§ Data to process
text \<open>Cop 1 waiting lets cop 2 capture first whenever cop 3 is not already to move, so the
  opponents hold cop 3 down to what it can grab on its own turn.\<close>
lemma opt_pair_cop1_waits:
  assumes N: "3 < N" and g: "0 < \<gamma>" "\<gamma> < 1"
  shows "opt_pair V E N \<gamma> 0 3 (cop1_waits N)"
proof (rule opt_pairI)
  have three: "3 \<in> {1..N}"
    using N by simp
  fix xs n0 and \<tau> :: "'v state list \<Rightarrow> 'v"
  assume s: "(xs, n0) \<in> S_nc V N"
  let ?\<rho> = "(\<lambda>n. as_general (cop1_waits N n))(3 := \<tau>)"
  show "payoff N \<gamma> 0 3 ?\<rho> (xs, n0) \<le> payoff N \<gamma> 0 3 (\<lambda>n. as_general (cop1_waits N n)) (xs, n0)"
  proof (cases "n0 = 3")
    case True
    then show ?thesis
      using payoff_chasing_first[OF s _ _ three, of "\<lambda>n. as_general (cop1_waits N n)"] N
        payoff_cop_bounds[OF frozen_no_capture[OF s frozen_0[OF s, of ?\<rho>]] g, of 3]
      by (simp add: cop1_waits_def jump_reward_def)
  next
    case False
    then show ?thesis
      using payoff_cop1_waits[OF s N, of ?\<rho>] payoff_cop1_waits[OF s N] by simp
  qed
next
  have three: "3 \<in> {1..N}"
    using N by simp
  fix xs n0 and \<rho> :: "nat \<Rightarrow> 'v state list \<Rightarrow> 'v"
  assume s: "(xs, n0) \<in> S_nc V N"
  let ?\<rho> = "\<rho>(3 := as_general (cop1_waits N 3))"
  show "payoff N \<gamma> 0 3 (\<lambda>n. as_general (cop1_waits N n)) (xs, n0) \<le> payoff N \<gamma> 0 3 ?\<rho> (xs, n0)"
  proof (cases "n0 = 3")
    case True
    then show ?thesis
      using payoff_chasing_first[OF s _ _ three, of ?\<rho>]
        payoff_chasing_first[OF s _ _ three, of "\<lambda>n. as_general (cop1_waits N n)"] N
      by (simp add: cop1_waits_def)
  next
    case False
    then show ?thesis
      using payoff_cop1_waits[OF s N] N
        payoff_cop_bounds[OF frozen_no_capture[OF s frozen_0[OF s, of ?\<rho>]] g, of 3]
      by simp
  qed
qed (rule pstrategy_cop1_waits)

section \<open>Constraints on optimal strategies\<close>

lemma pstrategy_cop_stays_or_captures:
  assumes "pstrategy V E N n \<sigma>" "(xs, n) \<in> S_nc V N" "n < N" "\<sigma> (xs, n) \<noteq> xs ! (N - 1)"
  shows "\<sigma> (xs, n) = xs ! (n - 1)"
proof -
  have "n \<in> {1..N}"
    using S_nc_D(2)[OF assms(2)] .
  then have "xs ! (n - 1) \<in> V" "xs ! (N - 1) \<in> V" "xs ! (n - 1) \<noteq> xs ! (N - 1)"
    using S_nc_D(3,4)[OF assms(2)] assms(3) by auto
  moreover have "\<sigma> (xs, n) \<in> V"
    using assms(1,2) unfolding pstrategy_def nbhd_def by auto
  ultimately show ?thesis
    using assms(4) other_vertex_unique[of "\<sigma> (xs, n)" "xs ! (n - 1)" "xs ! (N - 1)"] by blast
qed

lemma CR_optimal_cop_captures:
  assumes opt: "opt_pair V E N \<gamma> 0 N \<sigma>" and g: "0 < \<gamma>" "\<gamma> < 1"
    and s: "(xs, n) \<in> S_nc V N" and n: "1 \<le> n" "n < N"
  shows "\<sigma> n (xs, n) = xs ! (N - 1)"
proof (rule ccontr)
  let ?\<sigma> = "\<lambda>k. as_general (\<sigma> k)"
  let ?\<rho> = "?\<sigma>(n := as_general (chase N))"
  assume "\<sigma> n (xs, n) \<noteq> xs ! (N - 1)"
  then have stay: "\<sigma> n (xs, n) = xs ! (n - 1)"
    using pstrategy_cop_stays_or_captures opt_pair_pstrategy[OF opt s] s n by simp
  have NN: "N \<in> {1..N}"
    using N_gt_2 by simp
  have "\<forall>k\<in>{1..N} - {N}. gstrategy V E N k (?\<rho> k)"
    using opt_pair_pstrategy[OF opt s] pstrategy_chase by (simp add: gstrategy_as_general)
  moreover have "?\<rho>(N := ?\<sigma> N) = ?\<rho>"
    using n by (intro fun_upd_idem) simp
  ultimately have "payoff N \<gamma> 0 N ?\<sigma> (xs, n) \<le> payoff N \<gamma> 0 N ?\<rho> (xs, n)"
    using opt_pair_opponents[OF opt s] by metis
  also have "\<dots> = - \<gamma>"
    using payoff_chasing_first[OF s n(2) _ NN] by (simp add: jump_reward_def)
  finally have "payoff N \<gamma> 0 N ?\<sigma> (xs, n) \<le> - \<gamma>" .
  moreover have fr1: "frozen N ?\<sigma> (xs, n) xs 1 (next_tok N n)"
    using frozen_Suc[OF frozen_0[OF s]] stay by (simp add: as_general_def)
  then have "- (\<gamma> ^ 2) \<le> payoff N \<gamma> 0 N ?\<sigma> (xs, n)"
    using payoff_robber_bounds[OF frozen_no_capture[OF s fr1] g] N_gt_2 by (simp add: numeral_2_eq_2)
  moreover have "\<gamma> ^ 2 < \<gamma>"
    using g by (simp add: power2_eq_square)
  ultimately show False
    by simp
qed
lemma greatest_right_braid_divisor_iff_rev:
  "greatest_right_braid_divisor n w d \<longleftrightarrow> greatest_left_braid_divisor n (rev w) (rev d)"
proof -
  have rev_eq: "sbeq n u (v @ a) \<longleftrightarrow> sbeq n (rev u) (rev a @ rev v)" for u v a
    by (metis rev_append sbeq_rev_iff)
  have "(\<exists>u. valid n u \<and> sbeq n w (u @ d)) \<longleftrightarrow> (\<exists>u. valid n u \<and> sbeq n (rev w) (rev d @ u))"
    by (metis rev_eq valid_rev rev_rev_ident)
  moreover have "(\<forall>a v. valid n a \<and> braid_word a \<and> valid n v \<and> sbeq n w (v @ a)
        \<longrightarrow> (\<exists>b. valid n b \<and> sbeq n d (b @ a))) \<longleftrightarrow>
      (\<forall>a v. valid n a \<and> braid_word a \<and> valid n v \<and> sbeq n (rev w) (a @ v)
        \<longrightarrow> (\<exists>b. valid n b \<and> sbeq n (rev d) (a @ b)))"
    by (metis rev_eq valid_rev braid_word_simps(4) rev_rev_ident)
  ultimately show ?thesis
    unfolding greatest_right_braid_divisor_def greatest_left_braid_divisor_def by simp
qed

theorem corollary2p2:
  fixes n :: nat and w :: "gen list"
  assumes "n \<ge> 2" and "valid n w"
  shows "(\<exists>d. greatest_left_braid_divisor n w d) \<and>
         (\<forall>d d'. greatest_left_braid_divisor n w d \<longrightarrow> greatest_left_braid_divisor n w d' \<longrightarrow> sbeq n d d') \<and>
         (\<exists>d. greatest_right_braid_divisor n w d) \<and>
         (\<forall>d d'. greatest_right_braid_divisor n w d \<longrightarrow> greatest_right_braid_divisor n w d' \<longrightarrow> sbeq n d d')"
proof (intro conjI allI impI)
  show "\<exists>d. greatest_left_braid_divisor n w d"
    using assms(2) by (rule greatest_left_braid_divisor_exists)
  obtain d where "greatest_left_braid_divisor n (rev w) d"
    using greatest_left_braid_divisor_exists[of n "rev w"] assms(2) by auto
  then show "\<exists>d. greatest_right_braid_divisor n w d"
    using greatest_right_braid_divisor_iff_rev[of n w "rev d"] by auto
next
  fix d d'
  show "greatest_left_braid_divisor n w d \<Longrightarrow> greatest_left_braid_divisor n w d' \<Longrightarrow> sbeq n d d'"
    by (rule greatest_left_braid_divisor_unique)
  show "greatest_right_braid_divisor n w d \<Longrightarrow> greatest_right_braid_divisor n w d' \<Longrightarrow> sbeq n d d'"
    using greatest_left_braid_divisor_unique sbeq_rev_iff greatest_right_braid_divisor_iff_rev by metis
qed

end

§ Problem to work on
Gather from the data above every line with the string "rule".

§ Solution to the exercise
proof (rule opt_pairI)
qed (rule pstrategy_cop1_waits)
proof (rule ccontr)
    using assms(2) by (rule greatest_left_braid_divisor_exists)
    by (rule greatest_left_braid_divisor_unique)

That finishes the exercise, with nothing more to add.